Assignment → Reproduce the listing verbatim through the line with "using moment by".

Provided material →

lemma prob_gt_le_power_moment:
  fixes M :: "'a pmf" and f :: "'a \<Rightarrow> nat" and a C :: real
  assumes a: "a \<ge> 1" and C: "C \<ge> 0"
    and moment: "(\<integral>\<^sup>+x. ennreal (a ^ f x) \<partial>M) \<le> ennreal C"
  shows "measure_pmf.prob M {x. f x > H} \<le> C / a ^ Suc H"
proof -
  have a0: "a ^ Suc H > 0" using a by simp
  have "indicator {x. f x > H} x \<le> ennreal (a ^ f x) * ennreal (1 / a ^ Suc H)" for x
  proof (cases "f x > H")
    case True
    hence "a ^ Suc H \<le> a ^ f x" using a by (intro power_increasing) auto
    hence "1 \<le> a ^ f x / a ^ Suc H" using a0 by (simp add: le_divide_eq)
    thus ?thesis using True a by (simp flip: ennreal_mult)
  qed simp
  hence "emeasure M {x. f x > H} \<le> (\<integral>\<^sup>+x. ennreal (a ^ f x) * ennreal (1 / a ^ Suc H) \<partial>M)"
    by (simp flip: nn_integral_indicator add: nn_integral_mono)
  also have "\<dots> = (\<integral>\<^sup>+x. ennreal (a ^ f x) \<partial>M) * ennreal (1 / a ^ Suc H)"
    by (rule nn_integral_multc) simp
  also have "\<dots> \<le> ennreal C * ennreal (1 / a ^ Suc H)"
    using moment by (rule mult_right_mono) simp
  also have "\<dots> = ennreal (C / a ^ Suc H)"
    using C a0 by (simp flip: ennreal_mult)
  finally show ?thesis using C a0 by (simp add: measure_pmf.emeasure_eq_measure)
qed

lemma power_8_9_le_exp:
  assumes "H \<ge> 3"
  shows "32/27 * (8/9) ^ H \<le> exp (- ln (20/19) * real H)"
proof -
  have "32/27 \<le> (171/160::real) ^ 3" by (simp add: power3_eq_cube)
  also have "\<dots> \<le> (171/160) ^ H" using assms by (intro power_increasing) auto
  finally have "32/27 * (8/9::real) ^ H \<le> (171/160 * (8/9)) ^ H"
    unfolding power_mult_distrib by (intro mult_right_mono) auto
  also have "\<dots> = exp (- ln (20/19)) ^ H"
    by (simp add: exp_minus)
  also have "\<dots> = exp (- ln (20/19) * real H)"
    by (simp add: exp_of_nat_mult[symmetric] mult.commute)
  finally show ?thesis .
qed

theorem proposition6p1:
  shows "\<exists>\<kappa>::real. \<kappa> > 0 \<and>
    (\<forall>N::nat. N \<ge> 2 \<longrightarrow> (\<forall>H::nat. H > 2 \<longrightarrow> (\<forall>i\<in>{1..N}.
       measure_pmf.prob (bd_config N N) {\<sigma>. \<sigma> i > H} \<le> exp (- \<kappa> * real H))))"
proof (intro exI[of _ "ln (20/19)"] conjI allI impI ballI)
  show "ln (20/19::real) > 0" by simp
  fix N H i :: nat
  assume "N \<ge> 2" "H > 2"
  hence "measure_pmf.prob (bd_config N N) {\<sigma>. \<sigma> i > H} \<le> (4/3) / (9/8) ^ Suc H"
    by (intro prob_gt_le_power_moment nn_integral_bd_config_power_9_8_le) auto
  also have "\<dots> = 32/27 * (8/9) ^ H"
    by (simp add: power_divide field_simps)
  also have "\<dots> \<le> exp (- ln (20/19) * real H)"
    using \<open>H > 2\<close> by (intro power_8_9_le_exp) simp
  finally show "measure_pmf.prob (bd_config N N) {\<sigma>. \<sigma> i > H} \<le> exp (- ln (20/19) * real H)" .
qed
(* Let $f\in\mathcal{A}$ and define $\hat f(u):=f(u)-uf(1)$ for $0\le u\le1$. Then (i) $\hat f\in\mathcal{B}$; (ii) $A_{0,1}(\hat f)=A_{0,1}(f)$; (iii) $\Gamma_{0,1}(\hat f)\le\Gamma_{0,1}(f)$, with equality if and only if $f(1)=0$.
   Context: $\mathcal{A}$ is the set of absolutely continuous $f:[0,1]\to\mathbb{R}$ with $f(0)=0$ and $\int_0^1f'(u)^2du<\infty$; $\mathcal{B}:=\{f\in\mathcal{A}:f(1)=0\}$. For $f\in\mathcal A$, $\overline f,\underline f$ are the least concave majorant and greatest convex minorant of $f$ on $[0,1]$; $A_{0,1}(f):=\int_0^1(\overline f-\underline f)(u)\,du$ and $\Gamma_{0,1}(f):=\int_0^1f'(u)^2du$. *)

theory Defs
  imports "HOL-Analysis.Analysis"
begin

definition abs_cont_01 :: "(real \<Rightarrow> real) \<Rightarrow> bool" where
  "abs_cont_01 f \<longleftrightarrow>
     (\<forall>\<epsilon>>0. \<exists>\<delta>>0. \<forall>(n::nat) (a::nat \<Rightarrow> real) (b::nat \<Rightarrow> real).
        (\<forall>i<n. 0 \<le> a i \<and> a i \<le> b i \<and> b i \<le> 1) \<longrightarrow>
        (\<forall>i<n. \<forall>j<n. i \<noteq> j \<longrightarrow> b i \<le> a j \<or> b j \<le> a i) \<longrightarrow>
        (\<Sum>i<n. b i - a i) < \<delta> \<longrightarrow>
        (\<Sum>i<n. \<bar>f (b i) - f (a i)\<bar>) < \<epsilon>)"

text \<open>Gamma_{0,1}(f) = integral over [0,1] of f'(u)^2 (f' exists a.e. for AC f).\<close>
definition Gamma01 :: "(real \<Rightarrow> real) \<Rightarrow> real" where
  "Gamma01 f = integral {0..1} (\<lambda>u. (deriv f u)\<^sup>2)"

definition classA :: "(real \<Rightarrow> real) set" where
  "classA = {f. abs_cont_01 f \<and> f 0 = 0 \<and> (\<lambda>u. (deriv f u)\<^sup>2) integrable_on {0..1}}"

definition classB :: "(real \<Rightarrow> real) set" where
  "classB = {f \<in> classA. f 1 = 0}"

definition lcm01 :: "(real \<Rightarrow> real) \<Rightarrow> real \<Rightarrow> real" where
  "lcm01 f u = Inf {g u | g. concave_on {0..1} g \<and> (\<forall>x\<in>{0..1}. f x \<le> g x)}"

definition gcm01 :: "(real \<Rightarrow> real) \<Rightarrow> real \<Rightarrow> real" where
  "gcm01 f u = Sup {g u | g. convex_on {0..1} g \<and> (\<forall>x\<in>{0..1}. g x \<le> f x)}"

definition A01 :: "(real \<Rightarrow> real) \<Rightarrow> real" where
  "A01 f = integral {0..1} (\<lambda>u. lcm01 f u - gcm01 f u)"

end

theory Submission
  imports Defs
begin

text \<open>Subtracting the chord \<open>u f(1)\<close> preserves absolute continuity and \<open>f(0) = 0\<close>, and it shifts
  every concave majorant and every convex minorant by the same linear function, so the area between
  the two hulls does not change. For the energy, an absolutely continuous \<open>f\<close> is the difference of
  two continuous monotone functions (its variation function and the variation minus \<open>f\<close>), hence
  differentiable almost everywhere by Lebesgue's theorem, whose proof rests on the Vitali covering
  theorem. A gauge argument then gives \<open>\<integral> f' = f(1)\<close>, and expanding the square yields
  \<open>\<integral> (f' - f(1))\<^sup>2 = \<integral> f'\<^sup>2 - f(1)\<^sup>2\<close>.\<close>

section \<open>Absolutely continuous functions and their variation\<close>

definition nonoverlapping_intervals ::
    "real \<Rightarrow> real \<Rightarrow> 'i set \<Rightarrow> ('i \<Rightarrow> real) \<Rightarrow> ('i \<Rightarrow> real) \<Rightarrow> bool" where
  "nonoverlapping_intervals c d I a b \<longleftrightarrow> finite I \<and>
     (\<forall>i\<in>I. c \<le> a i \<and> a i \<le> b i \<and> b i \<le> d) \<and>
     (\<forall>i\<in>I. \<forall>j\<in>I. i \<noteq> j \<longrightarrow> b i \<le> a j \<or> b j \<le> a i)"

lemma nonoverlapping_intervals_mono:
  "nonoverlapping_intervals c d I a b \<Longrightarrow> c' \<le> c \<Longrightarrow> d \<le> d' \<Longrightarrow> nonoverlapping_intervals c' d' I a b"
  unfolding nonoverlapping_intervals_def by force

lemma nonoverlapping_intervals_split:
  assumes "nonoverlapping_intervals c d I a b" "c \<le> m" "m \<le> d"
  shows "nonoverlapping_intervals c m I (\<lambda>i. min (a i) m) (\<lambda>i. min (b i) m)"
    and "nonoverlapping_intervals m d I (\<lambda>i. max (a i) m) (\<lambda>i. max (b i) m)"
  using assms unfolding nonoverlapping_intervals_def by (auto 0 3 intro: min.mono max.mono)

lemma sum_abs_diff_split_le:
  fixes f :: "real \<Rightarrow> real"
  shows "(\<Sum>i\<in>I. \<bar>f (b i) - f (a i)\<bar>) \<le>
    (\<Sum>i\<in>I. \<bar>f (min (b i) m) - f (min (a i) m)\<bar>) + (\<Sum>i\<in>I. \<bar>f (max (b i) m) - f (max (a i) m)\<bar>)"
proof -
  have minmax: "f (min x m) + f (max x m) = f x + f m" for x
    by (cases "x \<le> m") (auto simp: min_def max_def)
  have "\<bar>f (b i) - f (a i)\<bar> \<le> \<bar>f (min (b i) m) - f (min (a i) m)\<bar> + \<bar>f (max (b i) m) - f (max (a i) m)\<bar>" for i
    using minmax[of "a i"] minmax[of "b i"] by linarith
  then show ?thesis
    by (simp add: sum.distrib[symmetric] sum_mono)
qed

lemma sum_lengths_le_measure:
  assumes "nonoverlapping_intervals c d I a b" "\<And>i. i \<in> I \<Longrightarrow> {a i<..<b i} \<subseteq> T" "T \<in> lmeasurable"
  shows "(\<Sum>i\<in>I. b i - a i) \<le> measure lebesgue T"
proof -
  have I: "finite I" "\<And>i. i \<in> I \<Longrightarrow> a i \<le> b i"
    and no: "\<And>i j. i \<in> I \<Longrightarrow> j \<in> I \<Longrightarrow> i \<noteq> j \<Longrightarrow> b i \<le> a j \<or> b j \<le> a i"
    using assms(1) unfolding nonoverlapping_intervals_def by auto
  have "(\<Sum>i\<in>I. b i - a i) = (\<Sum>i\<in>I. measure lebesgue {a i<..<b i})"
    using I by (intro sum.cong) auto
  also have "\<dots> = measure lebesgue (\<Union>i\<in>I. {a i<..<b i})"
  proof (rule measure_finite_Union[symmetric])
    show "disjoint_family_on (\<lambda>i. {a i<..<b i}) I"
      unfolding disjoint_family_on_def using no by fastforce
  qed (use I in auto)
  also have "\<dots> \<le> measure lebesgue T"
    by (rule measure_mono_fmeasurable) (use assms(2,3) I in auto)
  finally show ?thesis .
qed

lemma sum_lengths_le:
  assumes "nonoverlapping_intervals c d I a b" "c \<le> d"
  shows "(\<Sum>i\<in>I. b i - a i) \<le> d - c"
proof -
  have "{a i<..<b i} \<subseteq> {c..d}" if "i \<in> I" for i
    using assms(1) that unfolding nonoverlapping_intervals_def by auto
  then show ?thesis
    using sum_lengths_le_measure[OF assms(1), of "{c..d}"] assms(2) by simp
qed

lemma abs_cont_01E:
  fixes f :: "real \<Rightarrow> real"
  assumes "abs_cont_01 f" "e > 0"
  obtains d where "d > 0"
    "\<And>(I :: 'i set) a b. nonoverlapping_intervals 0 1 I a b \<Longrightarrow> (\<Sum>i\<in>I. b i - a i) < d \<Longrightarrow>
       (\<Sum>i\<in>I. \<bar>f (b i) - f (a i)\<bar>) < e"
proof -
  obtain d where "d > 0" and d: "\<forall>(n::nat) (a::nat \<Rightarrow> real) (b::nat \<Rightarrow> real).
        (\<forall>i<n. 0 \<le> a i \<and> a i \<le> b i \<and> b i \<le> 1) \<longrightarrow>
        (\<forall>i<n. \<forall>j<n. i \<noteq> j \<longrightarrow> b i \<le> a j \<or> b j \<le> a i) \<longrightarrow>
        (\<Sum>i<n. b i - a i) < d \<longrightarrow> (\<Sum>i<n. \<bar>f (b i) - f (a i)\<bar>) < e"
    using assms unfolding abs_cont_01_def by blast
  show ?thesis
  proof (rule that[OF \<open>d > 0\<close>])
    fix I :: "'i set" and a b
    assume I: "nonoverlapping_intervals 0 1 I a b" and len: "(\<Sum>i\<in>I. b i - a i) < d"
    have "finite I"
      using I unfolding nonoverlapping_intervals_def by blast
    then obtain h where h: "bij_betw h {..<card I} I"
      using ex_bij_betw_nat_finite unfolding atLeast0LessThan by blast
    have hI: "i < card I \<Longrightarrow> h i \<in> I" for i
      using h unfolding bij_betw_def by blast
    have h_inj: "i < card I \<Longrightarrow> j < card I \<Longrightarrow> i \<noteq> j \<Longrightarrow> h i \<noteq> h j" for i j
      using h unfolding bij_betw_def inj_on_def by blast
    have "\<forall>i<card I. 0 \<le> a (h i) \<and> a (h i) \<le> b (h i) \<and> b (h i) \<le> 1"
      using I hI unfolding nonoverlapping_intervals_def by simp
    moreover have "\<forall>i<card I. \<forall>j<card I. i \<noteq> j \<longrightarrow> b (h i) \<le> a (h j) \<or> b (h j) \<le> a (h i)"
      using I hI h_inj unfolding nonoverlapping_intervals_def by simp
    moreover have "(\<Sum>i<card I. b (h i) - a (h i)) < d"
      using len sum.reindex_bij_betw[OF h, of "\<lambda>i. b i - a i"] by simp
    ultimately have "(\<Sum>i<card I. \<bar>f (b (h i)) - f (a (h i))\<bar>) < e"
      using d[rule_format, of "card I" "\<lambda>i. a (h i)" "\<lambda>i. b (h i)"] by blast
    then show "(\<Sum>i\<in>I. \<bar>f (b i) - f (a i)\<bar>) < e"
      using sum.reindex_bij_betw[OF h, of "\<lambda>i. \<bar>f (b i) - f (a i)\<bar>"] by simp
  qed
qed

lemma abs_cont_01I:
  fixes f :: "real \<Rightarrow> real"
  assumes "\<And>e. e > 0 \<Longrightarrow> \<exists>d>0. \<forall>(I :: nat set) a b. nonoverlapping_intervals 0 1 I a b \<longrightarrow>
    (\<Sum>i\<in>I. b i - a i) < d \<longrightarrow> (\<Sum>i\<in>I. \<bar>f (b i) - f (a i)\<bar>) < e"
  shows "abs_cont_01 f"
  unfolding abs_cont_01_def
proof (intro allI impI)
  fix e :: real
  assume "e > 0"
  then obtain d where "d > 0" and d: "\<forall>(I :: nat set) a b. nonoverlapping_intervals 0 1 I a b \<longrightarrow>
      (\<Sum>i\<in>I. b i - a i) < d \<longrightarrow> (\<Sum>i\<in>I. \<bar>f (b i) - f (a i)\<bar>) < e"
    using assms by blast
  have "nonoverlapping_intervals 0 1 {..<n} a b"
    if "\<forall>i<n. 0 \<le> a i \<and> a i \<le> b i \<and> b i \<le> 1" "\<forall>i<n. \<forall>j<n. i \<noteq> j \<longrightarrow> b i \<le> a j \<or> b j \<le> a i"
    for n and a b :: "nat \<Rightarrow> real"
    using that unfolding nonoverlapping_intervals_def by auto
  then show "\<exists>d>0. \<forall>(n::nat) (a::nat \<Rightarrow> real) (b::nat \<Rightarrow> real).
      (\<forall>i<n. 0 \<le> a i \<and> a i \<le> b i \<and> b i \<le> 1) \<longrightarrow>
      (\<forall>i<n. \<forall>j<n. i \<noteq> j \<longrightarrow> b i \<le> a j \<or> b j \<le> a i) \<longrightarrow>
      (\<Sum>i<n. b i - a i) < d \<longrightarrow> (\<Sum>i<n. \<bar>f (b i) - f (a i)\<bar>) < e"
    using \<open>d > 0\<close> d by blast
qed

lemma abs_cont_01_bounded_variation:
  fixes f :: "real \<Rightarrow> real"
  assumes "abs_cont_01 f"
  obtains B where "\<And>(I :: 'i set) a b. nonoverlapping_intervals 0 1 I a b \<Longrightarrow> (\<Sum>i\<in>I. \<bar>f (b i) - f (a i)\<bar>) \<le> B"
proof -
  obtain d where "d > 0" and d: "\<And>(I :: 'i set) a b. nonoverlapping_intervals 0 1 I a b \<Longrightarrow>
      (\<Sum>i\<in>I. b i - a i) < d \<Longrightarrow> (\<Sum>i\<in>I. \<bar>f (b i) - f (a i)\<bar>) < 1"
    using abs_cont_01E[OF assms zero_less_one] by blast
  define h where "h = d / 2"
  have h: "0 < h" "h < d" using \<open>d > 0\<close> unfolding h_def by auto
  \<comment> \<open>[0, min 1 (k h)] is cut into k pieces of length at most h, on each of which the sum is below 1\<close>
  have bound: "(\<Sum>i\<in>I. \<bar>f (b i) - f (a i)\<bar>) \<le> real k"
    if "nonoverlapping_intervals 0 (min 1 (real k * h)) I a b" for k and I :: "'i set" and a b
    using that
  proof (induction k arbitrary: a b)
    case 0
    then have "a i = 0 \<and> b i = 0" if "i \<in> I" for i
      using that unfolding nonoverlapping_intervals_def by force
    then show ?case by simp
  next
    case (Suc k)
    define m where "m = min 1 (real k * h)"
    have m: "0 \<le> m" "m \<le> min 1 (real (Suc k) * h)" "min 1 (real (Suc k) * h) - m \<le> h"
      using h unfolding m_def by (auto simp: algebra_simps min_def)
    note split = nonoverlapping_intervals_split[OF Suc.prems m(1,2)]
    have "(\<Sum>i\<in>I. \<bar>f (min (b i) m) - f (min (a i) m)\<bar>) \<le> real k"
      using Suc.IH[OF split(1)[unfolded m_def]] unfolding m_def .
    moreover have "(\<Sum>i\<in>I. \<bar>f (max (b i) m) - f (max (a i) m)\<bar>) < 1"
    proof (rule d)
      show "nonoverlapping_intervals 0 1 I (\<lambda>i. max (a i) m) (\<lambda>i. max (b i) m)"
        using nonoverlapping_intervals_mono[OF split(2)] m by simp
      show "(\<Sum>i\<in>I. max (b i) m - max (a i) m) < d"
        using sum_lengths_le[OF split(2)] m h by linarith
    qed
    ultimately show ?case
      using sum_abs_diff_split_le[of f b a I m] by simp
  qed
  obtain k :: nat where "1 / h < real k"
    using reals_Archimedean2 by blast
  then have "min 1 (real k * h) = 1"
    using h by (simp add: field_simps)
  then show ?thesis
    using that[of "real k"] bound[of k] by simp
qed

Task solution →
lemma prob_gt_le_power_moment:
  fixes M :: "'a pmf" and f :: "'a \<Rightarrow> nat" and a C :: real
  assumes a: "a \<ge> 1" and C: "C \<ge> 0"
    and moment: "(\<integral>\<^sup>+x. ennreal (a ^ f x) \<partial>M) \<le> ennreal C"
  shows "measure_pmf.prob M {x. f x > H} \<le> C / a ^ Suc H"
proof -
  have a0: "a ^ Suc H > 0" using a by simp
  have "indicator {x. f x > H} x \<le> ennreal (a ^ f x) * ennreal (1 / a ^ Suc H)" for x
  proof (cases "f x > H")
    case True
    hence "a ^ Suc H \<le> a ^ f x" using a by (intro power_increasing) auto
    hence "1 \<le> a ^ f x / a ^ Suc H" using a0 by (simp add: le_divide_eq)
    thus ?thesis using True a by (simp flip: ennreal_mult)
  qed simp
  hence "emeasure M {x. f x > H} \<le> (\<integral>\<^sup>+x. ennreal (a ^ f x) * ennreal (1 / a ^ Suc H) \<partial>M)"
    by (simp flip: nn_integral_indicator add: nn_integral_mono)
  also have "\<dots> = (\<integral>\<^sup>+x. ennreal (a ^ f x) \<partial>M) * ennreal (1 / a ^ Suc H)"
    by (rule nn_integral_multc) simp
  also have "\<dots> \<le> ennreal C * ennreal (1 / a ^ Suc H)"
    using moment by (rule mult_right_mono) simp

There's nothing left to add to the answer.